(Exercise description): Find every line of the records that has "complex" and return it.

[Data records]
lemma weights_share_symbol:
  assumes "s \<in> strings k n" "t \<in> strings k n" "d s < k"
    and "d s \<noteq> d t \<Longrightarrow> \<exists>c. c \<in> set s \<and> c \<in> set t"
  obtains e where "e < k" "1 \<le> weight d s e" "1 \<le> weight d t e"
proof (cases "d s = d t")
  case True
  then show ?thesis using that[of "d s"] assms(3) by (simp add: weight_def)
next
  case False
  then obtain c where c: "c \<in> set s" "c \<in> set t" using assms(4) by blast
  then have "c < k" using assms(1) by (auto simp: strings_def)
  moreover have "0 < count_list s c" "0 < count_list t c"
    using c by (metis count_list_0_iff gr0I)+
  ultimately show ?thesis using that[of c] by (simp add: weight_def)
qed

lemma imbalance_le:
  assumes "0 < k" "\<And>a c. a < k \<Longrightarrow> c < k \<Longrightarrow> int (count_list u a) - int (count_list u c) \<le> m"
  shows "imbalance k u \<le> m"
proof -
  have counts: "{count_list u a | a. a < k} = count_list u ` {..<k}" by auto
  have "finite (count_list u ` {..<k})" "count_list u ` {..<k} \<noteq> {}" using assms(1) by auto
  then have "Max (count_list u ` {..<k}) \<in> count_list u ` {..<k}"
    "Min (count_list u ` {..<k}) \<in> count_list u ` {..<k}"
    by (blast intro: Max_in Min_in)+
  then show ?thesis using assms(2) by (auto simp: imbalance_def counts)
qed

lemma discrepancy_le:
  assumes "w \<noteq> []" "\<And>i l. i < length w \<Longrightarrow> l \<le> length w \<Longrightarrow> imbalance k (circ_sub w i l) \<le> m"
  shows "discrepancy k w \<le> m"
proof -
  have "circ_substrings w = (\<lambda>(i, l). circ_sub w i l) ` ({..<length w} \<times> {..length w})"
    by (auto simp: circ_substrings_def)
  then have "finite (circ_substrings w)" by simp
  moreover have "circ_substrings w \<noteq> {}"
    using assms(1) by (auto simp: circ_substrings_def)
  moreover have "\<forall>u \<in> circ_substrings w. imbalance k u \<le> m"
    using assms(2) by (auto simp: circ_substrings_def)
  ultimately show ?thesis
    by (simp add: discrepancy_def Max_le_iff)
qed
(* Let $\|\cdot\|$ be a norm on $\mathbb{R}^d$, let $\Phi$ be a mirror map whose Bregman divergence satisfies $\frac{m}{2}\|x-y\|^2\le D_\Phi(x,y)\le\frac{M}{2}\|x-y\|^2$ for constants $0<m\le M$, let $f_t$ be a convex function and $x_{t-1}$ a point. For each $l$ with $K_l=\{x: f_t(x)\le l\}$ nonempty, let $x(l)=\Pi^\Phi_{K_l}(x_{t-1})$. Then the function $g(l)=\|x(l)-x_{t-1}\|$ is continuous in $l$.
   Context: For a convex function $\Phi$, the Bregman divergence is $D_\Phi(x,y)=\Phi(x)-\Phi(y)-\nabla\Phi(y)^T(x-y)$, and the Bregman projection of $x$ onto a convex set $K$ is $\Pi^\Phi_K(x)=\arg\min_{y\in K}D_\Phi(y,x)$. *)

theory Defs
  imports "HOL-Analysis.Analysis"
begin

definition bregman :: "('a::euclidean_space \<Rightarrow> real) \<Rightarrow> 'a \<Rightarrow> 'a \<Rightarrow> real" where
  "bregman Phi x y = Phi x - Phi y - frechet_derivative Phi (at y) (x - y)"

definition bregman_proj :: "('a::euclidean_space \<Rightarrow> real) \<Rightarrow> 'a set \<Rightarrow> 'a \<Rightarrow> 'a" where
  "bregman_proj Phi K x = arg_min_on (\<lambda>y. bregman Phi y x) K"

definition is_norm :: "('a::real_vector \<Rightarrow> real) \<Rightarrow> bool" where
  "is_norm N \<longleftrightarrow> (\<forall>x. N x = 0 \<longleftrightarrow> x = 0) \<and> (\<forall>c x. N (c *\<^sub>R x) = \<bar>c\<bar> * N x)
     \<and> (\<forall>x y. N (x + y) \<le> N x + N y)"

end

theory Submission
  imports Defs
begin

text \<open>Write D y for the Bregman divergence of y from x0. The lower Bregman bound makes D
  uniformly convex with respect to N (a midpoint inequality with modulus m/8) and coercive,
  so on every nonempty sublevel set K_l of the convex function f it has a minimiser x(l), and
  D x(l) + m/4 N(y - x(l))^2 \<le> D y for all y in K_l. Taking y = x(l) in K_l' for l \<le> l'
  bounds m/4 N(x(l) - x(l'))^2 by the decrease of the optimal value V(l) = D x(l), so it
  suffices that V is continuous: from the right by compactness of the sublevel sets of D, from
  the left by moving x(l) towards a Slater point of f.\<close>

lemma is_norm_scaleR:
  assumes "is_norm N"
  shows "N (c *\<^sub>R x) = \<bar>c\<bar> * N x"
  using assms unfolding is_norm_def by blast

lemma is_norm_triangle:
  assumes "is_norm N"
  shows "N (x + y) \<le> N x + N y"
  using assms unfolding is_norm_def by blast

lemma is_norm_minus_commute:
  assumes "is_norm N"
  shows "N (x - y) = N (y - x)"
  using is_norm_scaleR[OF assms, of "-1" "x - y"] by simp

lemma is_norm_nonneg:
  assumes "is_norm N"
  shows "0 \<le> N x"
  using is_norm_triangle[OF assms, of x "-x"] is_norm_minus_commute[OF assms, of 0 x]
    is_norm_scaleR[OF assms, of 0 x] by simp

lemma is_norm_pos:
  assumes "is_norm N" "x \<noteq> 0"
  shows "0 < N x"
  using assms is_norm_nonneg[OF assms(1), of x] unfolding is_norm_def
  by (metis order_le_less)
...
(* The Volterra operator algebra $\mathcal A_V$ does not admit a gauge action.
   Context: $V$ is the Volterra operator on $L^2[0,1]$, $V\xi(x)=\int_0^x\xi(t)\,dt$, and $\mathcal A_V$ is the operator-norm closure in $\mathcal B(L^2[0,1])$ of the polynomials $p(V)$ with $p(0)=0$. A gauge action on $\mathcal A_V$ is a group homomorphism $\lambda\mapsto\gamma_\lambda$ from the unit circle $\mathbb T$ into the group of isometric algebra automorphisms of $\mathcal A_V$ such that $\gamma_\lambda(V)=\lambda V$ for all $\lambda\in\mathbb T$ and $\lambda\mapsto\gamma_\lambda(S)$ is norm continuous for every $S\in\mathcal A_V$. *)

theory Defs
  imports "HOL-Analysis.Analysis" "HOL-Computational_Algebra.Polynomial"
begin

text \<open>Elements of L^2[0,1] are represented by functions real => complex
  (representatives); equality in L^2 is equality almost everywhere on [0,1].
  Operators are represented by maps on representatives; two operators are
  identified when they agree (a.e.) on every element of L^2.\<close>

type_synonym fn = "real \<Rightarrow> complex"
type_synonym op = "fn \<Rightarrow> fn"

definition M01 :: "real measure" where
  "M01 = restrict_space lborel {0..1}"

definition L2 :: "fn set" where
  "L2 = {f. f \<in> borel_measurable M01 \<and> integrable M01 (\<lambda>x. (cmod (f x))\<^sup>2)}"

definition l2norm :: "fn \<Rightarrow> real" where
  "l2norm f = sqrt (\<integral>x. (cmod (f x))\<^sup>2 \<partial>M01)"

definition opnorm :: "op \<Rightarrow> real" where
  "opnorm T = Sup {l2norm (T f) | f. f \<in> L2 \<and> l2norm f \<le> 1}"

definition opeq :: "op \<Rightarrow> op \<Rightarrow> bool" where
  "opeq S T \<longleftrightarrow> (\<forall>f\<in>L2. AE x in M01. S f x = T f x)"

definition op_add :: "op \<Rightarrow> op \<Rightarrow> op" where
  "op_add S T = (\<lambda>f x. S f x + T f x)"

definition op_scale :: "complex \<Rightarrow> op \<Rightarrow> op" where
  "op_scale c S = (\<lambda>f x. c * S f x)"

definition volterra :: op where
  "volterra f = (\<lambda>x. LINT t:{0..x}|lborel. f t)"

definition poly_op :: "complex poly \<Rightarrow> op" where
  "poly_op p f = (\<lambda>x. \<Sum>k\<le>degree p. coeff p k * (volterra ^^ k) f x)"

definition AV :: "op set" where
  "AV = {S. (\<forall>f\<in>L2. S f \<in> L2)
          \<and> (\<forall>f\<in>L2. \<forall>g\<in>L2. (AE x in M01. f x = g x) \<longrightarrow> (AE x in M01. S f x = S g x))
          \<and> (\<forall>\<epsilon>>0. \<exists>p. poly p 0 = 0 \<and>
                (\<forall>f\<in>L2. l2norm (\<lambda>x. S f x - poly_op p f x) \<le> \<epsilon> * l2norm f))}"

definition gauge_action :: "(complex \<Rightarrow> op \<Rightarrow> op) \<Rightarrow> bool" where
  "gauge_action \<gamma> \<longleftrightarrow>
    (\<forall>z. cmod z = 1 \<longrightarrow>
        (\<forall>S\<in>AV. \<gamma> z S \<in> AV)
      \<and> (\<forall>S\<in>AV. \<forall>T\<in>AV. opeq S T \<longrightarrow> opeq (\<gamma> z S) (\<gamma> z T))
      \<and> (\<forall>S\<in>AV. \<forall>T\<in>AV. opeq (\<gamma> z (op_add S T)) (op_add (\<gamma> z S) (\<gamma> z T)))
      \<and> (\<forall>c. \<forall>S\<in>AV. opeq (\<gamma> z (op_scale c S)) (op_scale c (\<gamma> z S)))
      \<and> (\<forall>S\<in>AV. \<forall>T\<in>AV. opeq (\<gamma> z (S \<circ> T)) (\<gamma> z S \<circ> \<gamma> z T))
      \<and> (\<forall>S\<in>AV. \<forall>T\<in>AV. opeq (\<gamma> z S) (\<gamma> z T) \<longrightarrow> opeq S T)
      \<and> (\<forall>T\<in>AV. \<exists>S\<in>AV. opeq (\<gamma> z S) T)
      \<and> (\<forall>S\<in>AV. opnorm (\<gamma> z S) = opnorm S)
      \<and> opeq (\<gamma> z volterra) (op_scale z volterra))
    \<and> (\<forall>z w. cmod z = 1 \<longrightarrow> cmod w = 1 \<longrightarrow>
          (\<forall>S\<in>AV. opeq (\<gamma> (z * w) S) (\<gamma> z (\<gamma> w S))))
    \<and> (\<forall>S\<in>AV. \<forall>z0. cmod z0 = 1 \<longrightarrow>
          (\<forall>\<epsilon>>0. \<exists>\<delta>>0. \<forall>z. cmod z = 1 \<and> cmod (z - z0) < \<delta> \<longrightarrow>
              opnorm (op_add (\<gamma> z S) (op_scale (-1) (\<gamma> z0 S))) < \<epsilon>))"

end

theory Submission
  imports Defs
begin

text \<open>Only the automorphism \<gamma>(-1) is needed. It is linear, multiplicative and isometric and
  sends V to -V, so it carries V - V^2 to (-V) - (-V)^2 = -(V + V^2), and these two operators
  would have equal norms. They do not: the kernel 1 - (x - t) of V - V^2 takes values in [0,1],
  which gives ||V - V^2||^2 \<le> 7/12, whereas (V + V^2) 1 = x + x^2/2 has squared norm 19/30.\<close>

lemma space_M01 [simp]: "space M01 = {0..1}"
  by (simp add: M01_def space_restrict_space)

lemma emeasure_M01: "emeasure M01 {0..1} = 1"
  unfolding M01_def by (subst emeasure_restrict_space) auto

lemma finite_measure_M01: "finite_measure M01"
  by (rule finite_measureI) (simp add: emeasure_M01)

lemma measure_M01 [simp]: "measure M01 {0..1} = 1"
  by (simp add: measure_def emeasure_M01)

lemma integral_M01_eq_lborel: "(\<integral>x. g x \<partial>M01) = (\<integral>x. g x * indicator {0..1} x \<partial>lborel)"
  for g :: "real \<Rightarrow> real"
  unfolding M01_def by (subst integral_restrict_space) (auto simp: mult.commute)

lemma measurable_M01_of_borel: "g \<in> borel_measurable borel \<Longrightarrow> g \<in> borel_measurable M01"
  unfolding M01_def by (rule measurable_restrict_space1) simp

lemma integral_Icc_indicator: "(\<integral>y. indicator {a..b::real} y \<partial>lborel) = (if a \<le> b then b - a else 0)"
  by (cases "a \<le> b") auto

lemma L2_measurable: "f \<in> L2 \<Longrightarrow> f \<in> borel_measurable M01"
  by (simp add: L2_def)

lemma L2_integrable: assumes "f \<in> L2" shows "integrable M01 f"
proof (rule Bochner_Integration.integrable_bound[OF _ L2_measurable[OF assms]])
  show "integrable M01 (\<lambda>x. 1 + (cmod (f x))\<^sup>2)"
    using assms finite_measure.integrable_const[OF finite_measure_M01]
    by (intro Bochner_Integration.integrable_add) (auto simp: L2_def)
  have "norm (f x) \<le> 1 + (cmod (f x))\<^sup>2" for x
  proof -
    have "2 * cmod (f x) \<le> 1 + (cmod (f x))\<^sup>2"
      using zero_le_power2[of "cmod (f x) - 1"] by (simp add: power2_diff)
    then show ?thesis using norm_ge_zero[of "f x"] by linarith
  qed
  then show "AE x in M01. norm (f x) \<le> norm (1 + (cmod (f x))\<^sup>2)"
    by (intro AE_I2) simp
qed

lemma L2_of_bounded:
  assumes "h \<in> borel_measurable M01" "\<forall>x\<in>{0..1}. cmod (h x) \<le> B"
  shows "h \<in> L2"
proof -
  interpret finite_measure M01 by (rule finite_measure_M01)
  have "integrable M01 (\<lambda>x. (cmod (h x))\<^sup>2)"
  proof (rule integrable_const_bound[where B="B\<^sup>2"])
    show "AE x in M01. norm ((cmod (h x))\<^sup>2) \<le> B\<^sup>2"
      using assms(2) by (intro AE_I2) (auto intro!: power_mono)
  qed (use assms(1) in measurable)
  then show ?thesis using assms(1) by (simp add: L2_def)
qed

(Output):
text \<open>Elements of L^2[0,1] are represented by functions real => complex
type_synonym fn = "real \<Rightarrow> complex"
definition op_scale :: "complex \<Rightarrow> op \<Rightarrow> op" where
definition poly_op :: "complex poly \<Rightarrow> op" where
definition gauge_action :: "(complex \<Rightarrow> op \<Rightarrow> op) \<Rightarrow> bool" where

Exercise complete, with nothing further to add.